You may still have shit in your ass! How do we get rid of that? We can't use toilet paper! No - we need to spray it out with a hose that has enough water pressure to dribble out the water in a depressed fashion.
So you need one hand to hold your ass open, one hand to work the sprayer and another to scrub out your ass.
Aside from a few three handed freaks who regard this as 'no big deal'
you are now stuck juggling three things you'd rather not.
Knowing my readers as I do there will be a certain percentage that go try this out in their bathroom. If your bathroom isn't moving like a slow moving bucking bronco, you haven't had the full 'flavor' experience yet.
And when I was sailing the seas were 'dead calm'. I can't even imagine the fun of trying this in rough seas!
But enough with my coprophilia.
BOAT SECURITY
There really doesn't seem to be any.
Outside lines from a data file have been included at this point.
lemma asdim_prop_if_colourings:
  assumes cs: "coarse_space X E"
    and colourings: "\<forall>\<epsilon>\<in>E. \<exists>\<delta>\<in>E. \<exists>\<chi>::'a \<Rightarrow> nat. \<chi> ` X \<subseteq> {0..n} \<and>
           (\<forall>C. C \<subseteq> X \<and> eps_chain \<epsilon> C \<and> monochrome \<chi> C \<longrightarrow> C \<times> C \<subseteq> \<delta>)"
  shows "asdim_prop X E n"
  unfolding asdim_prop_def
proof
  fix \<epsilon> assume "\<epsilon> \<in> E"
  obtain \<eta> where "\<eta> \<in> E" and \<eta>: "\<epsilon> O \<epsilon> \<subseteq> \<eta>"
    using coarse_space_relcomp[OF cs \<open>\<epsilon> \<in> E\<close> \<open>\<epsilon> \<in> E\<close>] by blast
  from bspec[OF colourings \<open>\<eta> \<in> E\<close>] obtain \<delta> and \<chi> :: "'a \<Rightarrow> nat"
    where "\<delta> \<in> E" and colours: "\<chi> ` X \<subseteq> {0..n}"
      and chains: "\<forall>C. C \<subseteq> X \<and> eps_chain \<eta> C \<and> monochrome \<chi> C \<longrightarrow> C \<times> C \<subseteq> \<delta>"
    by blast
  note \<epsilon>_ent = coarse_space_entourageD[OF cs \<open>\<epsilon> \<in> E\<close>]
  note \<eta>_ent = coarse_space_entourageD[OF cs \<open>\<eta> \<in> E\<close>]
  define R where "R = {(a, b) \<in> \<eta>. \<chi> a = \<chi> b}"
  have R_sub: "R \<subseteq> X \<times> X" using \<eta>_ent(1) unfolding R_def by blast
  have equiv: "equiv X (R\<^sup>+)"
    using \<eta>_ent R_sub unfolding R_def by (intro equiv_trancl) (auto simp: refl_on_def sym_def)
  have mesh: "mesh (X // R\<^sup>+) \<subseteq> \<delta>"
  proof (clarsimp simp: mesh_def)
    fix U a b assume "U \<in> X // R\<^sup>+" "a \<in> U" "b \<in> U"
    then have "(a, b) \<in> R\<^sup>+" using in_quotient_imp_in_rel[OF equiv] by blast
    then show "(a, b) \<in> \<delta>"
      unfolding R_def by (rule monochrome_steps_bounded[OF \<eta>_ent(1) chains])
  qed
  have bounded: "finite {U \<in> X // R\<^sup>+. U \<inter> ball_ent x \<epsilon> \<noteq> {}} \<and>
                  card {U \<in> X // R\<^sup>+. U \<inter> ball_ent x \<epsilon> \<noteq> {}} \<le> n + 1" for x
  proof (rule card_meeting_le_if_colours_separate)
    show "\<chi> ` ball_ent x \<epsilon> \<subseteq> {0..n}"
      using colours \<epsilon>_ent(1) unfolding ball_ent_def by blast
    fix U V u v
    assume UV: "U \<in> X // R\<^sup>+" "V \<in> X // R\<^sup>+" "u \<in> U \<inter> ball_ent x \<epsilon>" "v \<in> V \<inter> ball_ent x \<epsilon>"
      and "\<chi> u = \<chi> v"
    moreover have "(u, v) \<in> \<eta>"
      using UV(3,4) \<eta> \<epsilon>_ent(3) unfolding ball_ent_def by (blast dest: symD)
    ultimately have "(u, v) \<in> R\<^sup>+" unfolding R_def by blast
    then show "U = V" using quotient_eq_iff[OF equiv UV(1,2)] UV(3,4) by blast
  qed
  show "\<exists>\<U>. (\<forall>U\<in>\<U>. U \<subseteq> X) \<and> \<Union>\<U> = X \<and> (\<exists>\<delta>\<in>E. mesh \<U> \<subseteq> \<delta>) \<and>
          (\<forall>x\<in>X. finite {U \<in> \<U>. U \<inter> ball_ent x \<epsilon> \<noteq> {}} \<and> card {U \<in> \<U>. U \<inter> ball_ent x \<epsilon> \<noteq> {}} \<le> n + 1)"
    using in_quotient_imp_subset[OF equiv] Union_quotient[OF equiv]
      bexI[where P = "\<lambda>\<delta>. mesh (X // R\<^sup>+) \<subseteq> \<delta>", OF mesh \<open>\<delta> \<in> E\<close>] bounded
    by (intro exI[of _ "X // R\<^sup>+"] conjI ballI) auto
qed

theorem corollary2p4:
  fixes X :: "'a set" and E :: "('a \<times> 'a) set set" and n :: nat
  assumes "coarse_space X E"
  shows "asdim X E \<le> enat n \<longleftrightarrow>
    (\<forall>\<epsilon>\<in>E. \<exists>\<delta>\<in>E. \<exists>\<chi>::'a \<Rightarrow> nat. \<chi> ` X \<subseteq> {0..n} \<and>
       (\<forall>C. C \<subseteq> X \<and> eps_chain \<epsilon> C \<and> monochrome \<chi> C \<longrightarrow> C \<times> C \<subseteq> \<delta>))"
  unfolding asdim_le_enat_iff
  using colourings_if_asdim_prop[OF assms] asdim_prop_if_colourings[OF assms] by (rule iffI)

end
This is a bit confusing for me. Everyone just leaves their crap on their boats and wanders off. Natives wander around on their boats. My guess would be that the natives don't rob the boats because if they did people would stop coming to their area and buying stuff from them.
SHIPBOARD LIFE
Most of what you do at sea seems to be 'wait'. You wait until you can go do something else.
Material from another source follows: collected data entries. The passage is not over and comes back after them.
lemma kxy_module_outer_mat:
  fixes u \<alpha> \<beta> :: "'a::field vec"
  assumes u: "u \<in> carrier_vec n" and \<alpha>: "\<alpha> \<in> carrier_vec n" "\<alpha> \<bullet> u = 0"
    and \<beta>: "\<beta> \<in> carrier_vec n" "\<beta> \<bullet> u = 0"
  shows "kxy_module n (outer_mat u \<alpha>) (outer_mat u \<beta>)"
proof -
  have zero: "outer_mat u x * outer_mat u y = 0\<^sub>m n n"
    if "x \<in> carrier_vec n" "x \<bullet> u = 0" "y \<in> carrier_vec n" for x y
  proof -
    have "outer_mat u x * outer_mat u y = 0 \<cdot>\<^sub>m outer_mat u y"
      using outer_mat_mult_outer_mat[of u x u y] that u by simp
    also have "\<dots> = 0\<^sub>m n n" using u that(3) by (intro eq_matI) auto
    finally show ?thesis .
  qed
  have nil: "nilpotent_mat (outer_mat u x)" if "x \<in> carrier_vec n" "x \<bullet> u = 0" for x
  proof -
    have "outer_mat u x ^\<^sub>m 2 = outer_mat u x * outer_mat u x"
      using that u by (simp add: numeral_2_eq_2)
    then show ?thesis
      unfolding nilpotent_mat_def using zero[OF that that(1)] that u by auto
  qed
  show ?thesis
    unfolding kxy_module_def using zero[OF \<alpha> \<beta>(1)] zero[OF \<beta> \<alpha>(1)] nil[OF \<alpha>] nil[OF \<beta>] u \<alpha> \<beta>
    by auto
qed

lemma outer_mat_unit_vec_eq_triv_plus:
  assumes w: "w \<in> carrier_vec (m + k)" and "0 < k" and zero: "\<forall>j<m. w $ j = 0"
  shows "outer_mat (unit_vec (m + k) m) w = triv_plus m (outer_mat (unit_vec k 0) (vec_last w k))"
  by (rule eq_matI) (use assms in \<open>auto simp: triv_plus_def vec_last_def\<close>)

lemma conj_outer_mat_eq_triv_plus:
  fixes P Q :: "'a::field mat"
  assumes P: "P \<in> carrier_mat n n" and Q: "Q \<in> carrier_mat n n" and QP: "Q * P = 1\<^sub>m n"
    and n: "n = m + k" "0 < k" and a: "a \<in> carrier_vec n"
    and zero: "\<forall>j<m. a \<bullet> col P j = 0"
  shows "Q * outer_mat (col P m) a * P
    = triv_plus m (outer_mat (unit_vec k 0) (vec_last (transpose_mat P *\<^sub>v a) k))"
proof -
  have "m < n" using n by simp
  have "Q *\<^sub>v col P m = col (Q * P) m" using col_mult2[OF Q P \<open>m < n\<close>] by simp
  also have "\<dots> = unit_vec n m" using QP \<open>m < n\<close> by simp
  finally have Qv: "Q *\<^sub>v col P m = unit_vec n m" .
  have "Q * outer_mat (col P m) a * P = outer_mat (unit_vec n m) (transpose_mat P *\<^sub>v a)"
    using P Q a by (simp add: mult_outer_mat outer_mat_mult Qv)
  also have "\<dots> = triv_plus m (outer_mat (unit_vec k 0) (vec_last (transpose_mat P *\<^sub>v a) k))"
    using outer_mat_unit_vec_eq_triv_plus[of "transpose_mat P *\<^sub>v a" m k] P a n zero
    by (simp add: scalar_prod_col_comm)
  finally show ?thesis .
qed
This irritated the fuck out of me. I'm the kind of person who likes to always be doing something. With my lifestyle, I have plenty of time to think about stuff in silence already. Activities which encourage this are quite a bummer.
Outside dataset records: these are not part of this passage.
lemma pd_pd_hc:
  assumes z: "z \<in> U"
  shows "pd1 (pd1 hc) z = cvec (pd1 (pd1 hr) z)" "pd2 (pd2 hc) z = cvec (pd2 (pd2 hr) z)"
proof -
  have dh: "\<And>w. w \<in> U \<Longrightarrow> hr differentiable (at w)" using smooth_on_differentiable_at[OF U smooth_hr] .
  have p1: "pd1 hc w = cvec (pd1 hr w)" "pd2 hc w = cvec (pd2 hr w)" if "w \<in> U" for w
    using pd_lin[OF bounded_linear_cvec dh[OF that]] by blast+
  have "pd1 (pd1 hc) z = pd1 (\<lambda>w. cvec (pd1 hr w)) z" by (rule pd1_cong[OF U z]) (use p1 in blast)
  also have "\<dots> = cvec (pd1 (pd1 hr) z)" using pd_lin[OF bounded_linear_cvec smooth_on_differentiable_at[OF U smooth_on_pd1[OF smooth_hr] z]] by blast
  finally show "pd1 (pd1 hc) z = cvec (pd1 (pd1 hr) z)" .
  have "pd2 (pd2 hc) z = pd2 (\<lambda>w. cvec (pd2 hr w)) z" by (rule pd2_cong[OF U z]) (use p1 in blast)
  also have "\<dots> = cvec (pd2 (pd2 hr) z)" using pd_lin[OF bounded_linear_cvec smooth_on_differentiable_at[OF U smooth_on_pd2[OF smooth_hr] z]] by blast
  finally show "pd2 (pd2 hc) z = cvec (pd2 (pd2 hr) z)" .
qed

text \<open>The normal part of \<open>d_zbar d_z H\<close> is given by the Willmore equation, its tangential
  part by differentiating \<open>\<langle>d_z H, p\<rangle> = -\<langle>H, h0\<rangle>/2\<close> and \<open>\<langle>d_zbar H, q\<rangle> = -cnj \<langle>H, h0\<rangle>/2\<close>.\<close>
lemma dzb_dz_hc_eq:
  assumes z: "z \<in> U" and W: "willmore_on U \<Phi>"
  shows "dzb (dz hc) z = (rc z / 4) *s ((2 * HH z) *s hc z - 2 *s cvec (simonsA \<Phi> z))
      + (2 / rc z) *s ((- (1/2) * cnj (dzbs Hh0 z) - (rc z / 4) * dzbs HH z) *s p z
                      + (- (1/2) * dzbs Hh0 z - (rc z / 4) * dzs HH z) *s q z)"
proof -
  define D where "D = pd1 (pd1 hr) z + pd2 (pd2 hr) z"
  have e: "dzb (dz hc) z = (1/4) *s cvec D"
    unfolding dzb_dz_lap(1)[OF U smooth_hc z] pd_pd_hc[OF z] D_def by (simp add: cvec_add)
  have "cvec D = cvec (nproj \<Phi> z D) + cT \<Phi> z (cvec D)"
    unfolding cT_cvec nproj_def by (simp add: cvec_diff)
  also have "cT \<Phi> z (cvec D) = 4 *s cT \<Phi> z (dzb (dz hc) z)"
    unfolding e cT_eq_frame[OF z] by (simp add: vec_eq_iff cdot_simps field_simps)
  finally have "dzb (dz hc) z = (1/4) *s (cvec (nproj \<Phi> z D) + 4 *s cT \<Phi> z (dzb (dz hc) z))"
    using e by simp
  then have "dzb (dz hc) z = (rc z / 4) *s ((2 * HH z) *s hc z - 2 *s cvec (simonsA \<Phi> z))
      + (2 / rc z) *s (cdot (dzb (dz hc) z) (q z) *s p z + cdot (dzb (dz hc) z) (p z) *s q z)"
    unfolding D_def willmore_normal_laplacian[OF z W] cT_eq_frame[OF z]
    by (simp add: vec_eq_iff field_simps)
  then show ?thesis by (simp only: cdot_dzb_dz_hc_p[OF z] cdot_dzb_dz_hc_q[OF z])
qed

subsection \<open>Conservation laws\<close>

lemma dzb_om_eq:
  assumes z: "z \<in> U"
  shows "dzb om z = dzb (dz hc) z + (dzbs HH z *s p z + HH z *s dzb p z)
    + ((2 * dzbs Hh0 z * inverse (rc z) + 2 * Hh0 z * (- dzbs rc z / (rc z)\<^sup>2)) *s q z
       + (2 * Hh0 z * inverse (rc z)) *s dzb q z)"
proof -
  define g where "g w = (2 * Hh0 w) * inverse (rc w)" for w
  have smg: "smooth_on U g" unfolding g_def[abs_def]
    by (intro smooth_on_mult smooth_on_const smooth_Hh0 smooth_inverse_rc U)
  have dd: "\<And>f. smooth_on U f \<Longrightarrow> f differentiable (at z)" using smooth_on_differentiable_at[OF U _ z] .
  have smdzhc: "smooth_on U (dz hc)" by (rule smooth_on_dz[OF U smooth_hc])
  have d1: "(\<lambda>w. HH w *s p w) differentiable (at z)"
    by (rule dd, intro smooth_on_vec_smult smooth_HH smooth_p U)
  have d2: "(\<lambda>w. g w *s q w) differentiable (at z)"
    by (rule dd, intro smooth_on_vec_smult smg smooth_q U)
  have d12: "(\<lambda>w. dz hc w + HH w *s p w) differentiable (at z)"
    by (rule dd, intro smooth_on_add smooth_on_vec_smult smdzhc smooth_HH smooth_p U)
  have "dzb om z = dzb (\<lambda>w. (dz hc w + HH w *s p w) + g w *s q w) z"
    by (rule dzb_cong[OF U z]) (simp add: om_eq_meanH g_def divide_inverse)
  also have "\<dots> = dzb (dz hc) z + (dzbs HH z *s p z + HH z *s dzb p z) + (dzbs g z *s q z + g z *s dzb q z)"
    unfolding dzb_add[OF d12 d2] dzb_add[OF dd[OF smdzhc] d1]
      dzb_smult[OF dd[OF smooth_HH] differentiable_p[OF z]] dzb_smult[OF dd[OF smg] differentiable_q[OF z]] ..
  also have "dzbs g z = 2 * dzbs Hh0 z * inverse (rc z) + 2 * Hh0 z * (- dzbs rc z / (rc z)\<^sup>2)"
    unfolding g_def dzbs_mult[OF dd[OF smooth_on_mult[OF U smooth_on_const smooth_Hh0]] dd[OF smooth_inverse_rc]]
      dzbs_cmult[OF dd[OF smooth_Hh0]] dzbs_inverse[OF differentiable_rc[OF z] rc_nonzero[OF z]] ..
  finally show ?thesis unfolding g_def .
qed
Living aboard a boat doesn't seem to be for the crippled or weak. The captain is routinely dirty from messing with the engines, anchor, plumbing and so on. He works his rear off.
A boat would make an excellent money pit. You see, boats quite naturally want to have everything go wrong with them and then sink into the ocean. Only someone messing with the boat all of the time and the power of money can keep the boat from following what it wants to do. Sometimes even these are not enough but in general if you have enough people working on the boat and throw enough money at it, you will get days if not weeks of service from one. Till it wants more.
If you're a non-smoker on a small boat, you may be fucked. Smoking in the pilot house during inclement weather (more often than you think) is quite normal as is smoking in the open air.
OVERALL THOUGHTS ON CENTRAL AMERICA
With the exception of the two wildly overpriced countries (Panama and Costa Rica), the rest had just blended together. Same basic architecture, food and people.
Overall, Central America seems a bit pricey for what you get. [Note for those people who think it's just Logan saying this, fuck off, it is not that uncommon to hear from other tourists as well.]
I can't think of anything which would bring me back to Central America. Been there, done that, done with that. It made me miss SE Asia where I could get a much better meal for a third of the price and lodging for about two thirds of the price.
PHILOSOPHY
"The laid back lifestyle."
Ah. Saying this brings up images of
laying in a hammock, enjoying the day as time slips by. Maybe ordering a drink from a passing waiter...
Oh - wait - the waiter is no where to be found. They are off talking with their friends and ignoring the customers who have all entered the first stages of dehydration.
And the hammock? Yeah - it actually looks like this
simply because nobody would be bothered to repair or replace it.
When people think about the 'laid back lifestyle' they are thinking about a simpler life for them. They are not thinking about lazy, incompetent or inept people that may want to have preform a service for them - like fix a toilet.
I'd rather live in a place where the people aren't trying to live a half assed 'idylic lifestyle'. Translation, they don't work much and are paid appropriately hence they are always poor.
If you're on a vacation, which is more relaxing? Being tended to or having to go do stuff yourself? Hell, you've probably already paid big money to get there and since you are on vacation you don't have to work anyway.